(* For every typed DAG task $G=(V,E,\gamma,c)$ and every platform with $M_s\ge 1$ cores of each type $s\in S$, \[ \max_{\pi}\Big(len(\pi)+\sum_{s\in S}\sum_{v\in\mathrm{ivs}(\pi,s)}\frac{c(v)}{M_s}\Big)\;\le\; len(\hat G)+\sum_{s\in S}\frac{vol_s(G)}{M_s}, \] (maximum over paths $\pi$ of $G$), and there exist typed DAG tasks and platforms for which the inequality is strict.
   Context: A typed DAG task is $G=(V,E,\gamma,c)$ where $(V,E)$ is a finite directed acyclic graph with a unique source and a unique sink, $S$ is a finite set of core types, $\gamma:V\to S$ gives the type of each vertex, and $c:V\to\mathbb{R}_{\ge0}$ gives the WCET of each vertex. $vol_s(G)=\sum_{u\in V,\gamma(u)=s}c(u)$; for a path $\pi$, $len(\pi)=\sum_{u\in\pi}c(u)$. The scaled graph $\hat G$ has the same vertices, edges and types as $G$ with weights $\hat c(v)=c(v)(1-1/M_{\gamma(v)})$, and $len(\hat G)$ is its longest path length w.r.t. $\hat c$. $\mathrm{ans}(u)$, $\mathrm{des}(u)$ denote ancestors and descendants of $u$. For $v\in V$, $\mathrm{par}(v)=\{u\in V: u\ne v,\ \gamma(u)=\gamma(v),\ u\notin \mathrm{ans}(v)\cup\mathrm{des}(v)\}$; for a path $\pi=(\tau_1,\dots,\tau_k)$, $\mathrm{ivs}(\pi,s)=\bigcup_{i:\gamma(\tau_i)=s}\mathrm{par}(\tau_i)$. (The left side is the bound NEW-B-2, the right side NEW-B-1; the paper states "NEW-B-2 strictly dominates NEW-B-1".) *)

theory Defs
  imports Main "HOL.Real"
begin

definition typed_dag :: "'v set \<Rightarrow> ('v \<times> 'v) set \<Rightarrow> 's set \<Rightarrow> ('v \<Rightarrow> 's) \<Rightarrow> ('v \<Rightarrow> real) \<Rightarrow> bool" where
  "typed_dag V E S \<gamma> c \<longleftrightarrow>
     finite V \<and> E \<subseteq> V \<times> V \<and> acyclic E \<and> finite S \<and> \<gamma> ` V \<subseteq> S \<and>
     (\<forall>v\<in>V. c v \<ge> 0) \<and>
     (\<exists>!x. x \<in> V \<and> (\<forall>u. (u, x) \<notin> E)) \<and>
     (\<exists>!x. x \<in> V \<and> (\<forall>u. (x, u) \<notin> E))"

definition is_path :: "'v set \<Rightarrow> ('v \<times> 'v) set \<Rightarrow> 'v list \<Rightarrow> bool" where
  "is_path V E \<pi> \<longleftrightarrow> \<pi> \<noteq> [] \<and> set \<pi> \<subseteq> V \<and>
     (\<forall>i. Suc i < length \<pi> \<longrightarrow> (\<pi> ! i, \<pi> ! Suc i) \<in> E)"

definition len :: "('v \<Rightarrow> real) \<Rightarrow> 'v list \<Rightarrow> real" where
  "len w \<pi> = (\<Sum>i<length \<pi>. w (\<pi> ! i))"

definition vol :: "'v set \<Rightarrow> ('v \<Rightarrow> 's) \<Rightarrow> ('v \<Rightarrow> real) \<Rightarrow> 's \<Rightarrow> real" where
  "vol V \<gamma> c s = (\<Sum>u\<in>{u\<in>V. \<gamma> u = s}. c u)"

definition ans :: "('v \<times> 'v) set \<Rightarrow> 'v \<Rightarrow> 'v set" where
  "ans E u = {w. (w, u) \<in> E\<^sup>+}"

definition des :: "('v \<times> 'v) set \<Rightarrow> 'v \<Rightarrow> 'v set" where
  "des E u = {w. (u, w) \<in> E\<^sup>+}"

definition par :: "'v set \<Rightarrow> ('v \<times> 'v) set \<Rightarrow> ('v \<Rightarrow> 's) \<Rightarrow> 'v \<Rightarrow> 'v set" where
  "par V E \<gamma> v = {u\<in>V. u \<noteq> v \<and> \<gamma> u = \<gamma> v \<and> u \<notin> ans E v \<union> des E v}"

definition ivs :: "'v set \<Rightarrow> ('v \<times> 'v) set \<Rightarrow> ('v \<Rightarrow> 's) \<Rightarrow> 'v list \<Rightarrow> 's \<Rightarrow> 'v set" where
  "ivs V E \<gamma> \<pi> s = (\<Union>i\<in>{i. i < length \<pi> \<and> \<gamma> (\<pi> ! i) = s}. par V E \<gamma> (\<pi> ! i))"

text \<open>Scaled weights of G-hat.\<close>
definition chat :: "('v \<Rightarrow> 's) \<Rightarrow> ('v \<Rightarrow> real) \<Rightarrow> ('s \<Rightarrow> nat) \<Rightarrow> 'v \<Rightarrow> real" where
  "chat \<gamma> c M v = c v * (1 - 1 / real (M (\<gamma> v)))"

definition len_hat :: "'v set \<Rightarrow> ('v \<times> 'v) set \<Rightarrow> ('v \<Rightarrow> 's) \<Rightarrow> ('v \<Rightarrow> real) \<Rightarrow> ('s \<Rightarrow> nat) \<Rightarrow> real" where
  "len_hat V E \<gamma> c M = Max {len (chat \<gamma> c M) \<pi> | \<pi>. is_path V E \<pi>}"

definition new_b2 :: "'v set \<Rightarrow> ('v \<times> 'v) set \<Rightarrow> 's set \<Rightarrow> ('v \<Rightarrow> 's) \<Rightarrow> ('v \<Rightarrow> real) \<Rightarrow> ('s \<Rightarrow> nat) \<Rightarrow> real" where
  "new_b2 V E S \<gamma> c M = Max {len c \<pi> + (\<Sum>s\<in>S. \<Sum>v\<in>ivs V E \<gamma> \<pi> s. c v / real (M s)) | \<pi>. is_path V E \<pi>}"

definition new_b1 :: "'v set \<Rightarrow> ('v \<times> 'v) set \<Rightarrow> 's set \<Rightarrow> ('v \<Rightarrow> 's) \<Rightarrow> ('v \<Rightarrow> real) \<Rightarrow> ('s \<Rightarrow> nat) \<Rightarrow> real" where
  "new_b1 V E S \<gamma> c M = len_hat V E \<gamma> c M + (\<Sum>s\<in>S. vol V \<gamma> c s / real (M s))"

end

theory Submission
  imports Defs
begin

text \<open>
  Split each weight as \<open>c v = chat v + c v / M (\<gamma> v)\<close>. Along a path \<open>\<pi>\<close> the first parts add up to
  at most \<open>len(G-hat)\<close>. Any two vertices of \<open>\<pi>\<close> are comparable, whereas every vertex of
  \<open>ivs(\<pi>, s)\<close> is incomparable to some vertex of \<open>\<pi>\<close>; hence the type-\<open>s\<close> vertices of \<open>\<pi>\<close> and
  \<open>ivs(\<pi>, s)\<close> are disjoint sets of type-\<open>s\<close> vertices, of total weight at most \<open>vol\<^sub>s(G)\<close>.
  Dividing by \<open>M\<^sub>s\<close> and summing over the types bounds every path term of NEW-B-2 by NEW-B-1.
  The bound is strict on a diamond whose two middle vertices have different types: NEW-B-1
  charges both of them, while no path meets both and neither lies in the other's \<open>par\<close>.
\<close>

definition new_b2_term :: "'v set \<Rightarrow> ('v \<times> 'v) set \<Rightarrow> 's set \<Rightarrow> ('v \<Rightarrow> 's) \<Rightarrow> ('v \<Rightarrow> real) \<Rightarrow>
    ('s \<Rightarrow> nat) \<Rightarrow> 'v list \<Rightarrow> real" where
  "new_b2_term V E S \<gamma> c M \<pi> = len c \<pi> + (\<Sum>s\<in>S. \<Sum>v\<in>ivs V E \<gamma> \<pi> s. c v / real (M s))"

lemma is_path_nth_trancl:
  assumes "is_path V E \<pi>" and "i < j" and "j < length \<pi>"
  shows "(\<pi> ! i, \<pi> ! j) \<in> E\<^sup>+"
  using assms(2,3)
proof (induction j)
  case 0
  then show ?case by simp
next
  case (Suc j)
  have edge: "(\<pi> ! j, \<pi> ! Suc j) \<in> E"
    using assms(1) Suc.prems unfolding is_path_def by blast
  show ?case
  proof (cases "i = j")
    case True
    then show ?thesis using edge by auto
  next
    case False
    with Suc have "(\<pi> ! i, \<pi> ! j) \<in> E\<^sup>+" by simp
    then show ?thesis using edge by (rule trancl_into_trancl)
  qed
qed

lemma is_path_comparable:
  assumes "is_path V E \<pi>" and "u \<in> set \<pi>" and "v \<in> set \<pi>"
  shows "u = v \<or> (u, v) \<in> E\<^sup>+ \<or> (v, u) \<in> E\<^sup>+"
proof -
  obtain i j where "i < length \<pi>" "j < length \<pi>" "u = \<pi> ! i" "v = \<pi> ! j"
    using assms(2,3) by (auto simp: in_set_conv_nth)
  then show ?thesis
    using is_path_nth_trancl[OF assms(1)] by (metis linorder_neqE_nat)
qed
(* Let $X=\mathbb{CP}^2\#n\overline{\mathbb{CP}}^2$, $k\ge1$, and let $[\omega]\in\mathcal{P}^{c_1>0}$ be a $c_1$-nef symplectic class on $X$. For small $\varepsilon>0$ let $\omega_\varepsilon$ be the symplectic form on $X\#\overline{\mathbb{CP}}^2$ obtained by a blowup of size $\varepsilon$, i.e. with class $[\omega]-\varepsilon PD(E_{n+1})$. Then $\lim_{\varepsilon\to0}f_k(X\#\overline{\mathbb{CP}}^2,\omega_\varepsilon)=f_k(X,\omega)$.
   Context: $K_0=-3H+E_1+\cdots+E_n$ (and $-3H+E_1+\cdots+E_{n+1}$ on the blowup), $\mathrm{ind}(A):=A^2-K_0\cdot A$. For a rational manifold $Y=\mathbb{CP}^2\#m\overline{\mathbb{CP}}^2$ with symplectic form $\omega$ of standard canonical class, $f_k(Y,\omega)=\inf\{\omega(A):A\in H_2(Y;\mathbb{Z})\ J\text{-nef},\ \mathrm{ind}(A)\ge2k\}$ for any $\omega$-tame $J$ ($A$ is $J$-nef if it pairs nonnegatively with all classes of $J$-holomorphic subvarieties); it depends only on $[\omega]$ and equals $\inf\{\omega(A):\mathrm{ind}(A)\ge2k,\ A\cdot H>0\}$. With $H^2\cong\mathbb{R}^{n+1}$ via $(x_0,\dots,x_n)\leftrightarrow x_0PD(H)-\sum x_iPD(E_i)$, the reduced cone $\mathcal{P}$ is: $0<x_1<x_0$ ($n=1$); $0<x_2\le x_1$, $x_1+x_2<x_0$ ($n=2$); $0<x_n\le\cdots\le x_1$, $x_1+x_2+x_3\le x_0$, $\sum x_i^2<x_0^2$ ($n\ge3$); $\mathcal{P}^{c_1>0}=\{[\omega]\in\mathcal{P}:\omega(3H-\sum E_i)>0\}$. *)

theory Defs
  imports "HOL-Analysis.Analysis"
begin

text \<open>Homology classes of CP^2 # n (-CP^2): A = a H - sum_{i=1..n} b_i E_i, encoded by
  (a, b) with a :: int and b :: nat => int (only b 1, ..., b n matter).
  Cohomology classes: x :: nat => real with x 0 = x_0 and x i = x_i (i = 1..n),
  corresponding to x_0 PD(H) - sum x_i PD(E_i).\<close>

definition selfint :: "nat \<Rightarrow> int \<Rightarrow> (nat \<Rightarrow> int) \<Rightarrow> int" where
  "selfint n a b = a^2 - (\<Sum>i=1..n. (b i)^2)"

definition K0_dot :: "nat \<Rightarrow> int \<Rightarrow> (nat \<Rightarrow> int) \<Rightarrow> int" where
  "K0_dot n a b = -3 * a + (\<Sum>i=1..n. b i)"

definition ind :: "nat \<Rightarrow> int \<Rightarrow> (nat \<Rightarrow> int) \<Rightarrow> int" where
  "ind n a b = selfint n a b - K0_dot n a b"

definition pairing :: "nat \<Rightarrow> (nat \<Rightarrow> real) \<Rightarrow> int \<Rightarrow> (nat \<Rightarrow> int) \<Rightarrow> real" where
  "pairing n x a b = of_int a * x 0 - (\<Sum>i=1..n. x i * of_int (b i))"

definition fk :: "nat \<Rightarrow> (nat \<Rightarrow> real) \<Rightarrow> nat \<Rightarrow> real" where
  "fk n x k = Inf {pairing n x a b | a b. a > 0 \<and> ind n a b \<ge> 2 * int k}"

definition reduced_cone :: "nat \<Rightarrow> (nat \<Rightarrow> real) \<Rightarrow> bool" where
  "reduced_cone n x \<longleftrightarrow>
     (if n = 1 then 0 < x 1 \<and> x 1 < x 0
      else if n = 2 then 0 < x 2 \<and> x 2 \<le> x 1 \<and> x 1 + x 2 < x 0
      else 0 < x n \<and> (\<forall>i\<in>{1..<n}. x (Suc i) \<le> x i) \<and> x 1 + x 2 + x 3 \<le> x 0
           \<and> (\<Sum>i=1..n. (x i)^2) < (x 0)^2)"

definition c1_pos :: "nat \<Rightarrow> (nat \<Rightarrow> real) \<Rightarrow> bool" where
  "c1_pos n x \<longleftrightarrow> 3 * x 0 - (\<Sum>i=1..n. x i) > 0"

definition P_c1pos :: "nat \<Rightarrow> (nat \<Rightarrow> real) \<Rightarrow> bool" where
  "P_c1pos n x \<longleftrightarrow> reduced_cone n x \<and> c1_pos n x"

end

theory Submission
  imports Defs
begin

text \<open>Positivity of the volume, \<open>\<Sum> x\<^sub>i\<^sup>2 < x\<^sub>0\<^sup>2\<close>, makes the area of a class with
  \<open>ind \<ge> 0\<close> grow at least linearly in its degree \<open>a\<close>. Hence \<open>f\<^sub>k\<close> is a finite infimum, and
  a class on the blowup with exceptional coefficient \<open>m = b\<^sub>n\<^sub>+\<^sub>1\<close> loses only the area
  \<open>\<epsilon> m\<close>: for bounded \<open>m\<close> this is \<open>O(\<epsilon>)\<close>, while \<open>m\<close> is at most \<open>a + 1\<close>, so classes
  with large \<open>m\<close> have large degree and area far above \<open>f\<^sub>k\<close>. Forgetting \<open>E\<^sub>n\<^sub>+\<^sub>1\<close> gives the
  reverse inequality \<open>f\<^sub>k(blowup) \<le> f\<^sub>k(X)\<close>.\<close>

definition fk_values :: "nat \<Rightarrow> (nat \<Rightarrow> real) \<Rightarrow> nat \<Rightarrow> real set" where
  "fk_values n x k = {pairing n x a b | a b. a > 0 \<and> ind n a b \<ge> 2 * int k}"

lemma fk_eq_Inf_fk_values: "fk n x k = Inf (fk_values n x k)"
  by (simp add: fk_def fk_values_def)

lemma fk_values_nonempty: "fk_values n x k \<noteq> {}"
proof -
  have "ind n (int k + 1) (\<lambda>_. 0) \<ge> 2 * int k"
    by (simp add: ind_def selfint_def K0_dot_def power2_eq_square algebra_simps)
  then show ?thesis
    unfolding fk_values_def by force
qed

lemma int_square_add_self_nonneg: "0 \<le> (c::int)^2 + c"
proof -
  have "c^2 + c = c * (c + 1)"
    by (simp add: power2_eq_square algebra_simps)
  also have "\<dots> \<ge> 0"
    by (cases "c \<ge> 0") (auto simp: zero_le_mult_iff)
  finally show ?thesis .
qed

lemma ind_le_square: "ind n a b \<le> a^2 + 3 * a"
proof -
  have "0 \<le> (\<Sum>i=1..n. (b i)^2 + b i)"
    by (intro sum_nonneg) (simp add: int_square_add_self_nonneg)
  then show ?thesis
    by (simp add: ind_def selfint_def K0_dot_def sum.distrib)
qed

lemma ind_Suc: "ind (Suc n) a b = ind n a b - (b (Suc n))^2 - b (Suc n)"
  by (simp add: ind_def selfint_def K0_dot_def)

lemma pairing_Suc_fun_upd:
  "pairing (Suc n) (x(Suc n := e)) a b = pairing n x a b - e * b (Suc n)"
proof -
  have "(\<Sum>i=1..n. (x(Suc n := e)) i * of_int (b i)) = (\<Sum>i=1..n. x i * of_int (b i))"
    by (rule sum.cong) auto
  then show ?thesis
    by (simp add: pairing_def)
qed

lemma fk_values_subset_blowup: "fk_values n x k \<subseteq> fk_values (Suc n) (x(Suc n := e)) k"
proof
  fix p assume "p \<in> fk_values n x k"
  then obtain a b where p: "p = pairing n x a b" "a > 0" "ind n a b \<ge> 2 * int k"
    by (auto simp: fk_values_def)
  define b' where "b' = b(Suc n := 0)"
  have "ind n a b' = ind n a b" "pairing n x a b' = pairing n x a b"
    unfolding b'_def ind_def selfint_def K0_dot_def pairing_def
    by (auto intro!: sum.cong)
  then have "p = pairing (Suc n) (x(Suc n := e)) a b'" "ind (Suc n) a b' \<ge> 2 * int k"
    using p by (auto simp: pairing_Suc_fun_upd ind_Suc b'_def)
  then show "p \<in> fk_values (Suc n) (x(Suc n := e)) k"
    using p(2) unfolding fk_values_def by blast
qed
—————
Would you copy, unchanged, the stretch of the records above that begins at the line containing "(\<forall>i. Suc i" and ends at the line containing "real) \<Rightarrow> 's", and only that?

     (\<forall>i. Suc i < length \<pi> \<longrightarrow> (\<pi> ! i, \<pi> ! Suc i) \<in> E)"

definition len :: "('v \<Rightarrow> real) \<Rightarrow> 'v list \<Rightarrow> real" where
  "len w \<pi> = (\<Sum>i<length \<pi>. w (\<pi> ! i))"

definition vol :: "'v set \<Rightarrow> ('v \<Rightarrow> 's) \<Rightarrow> ('v \<Rightarrow> real) \<Rightarrow> 's \<Rightarrow> real" where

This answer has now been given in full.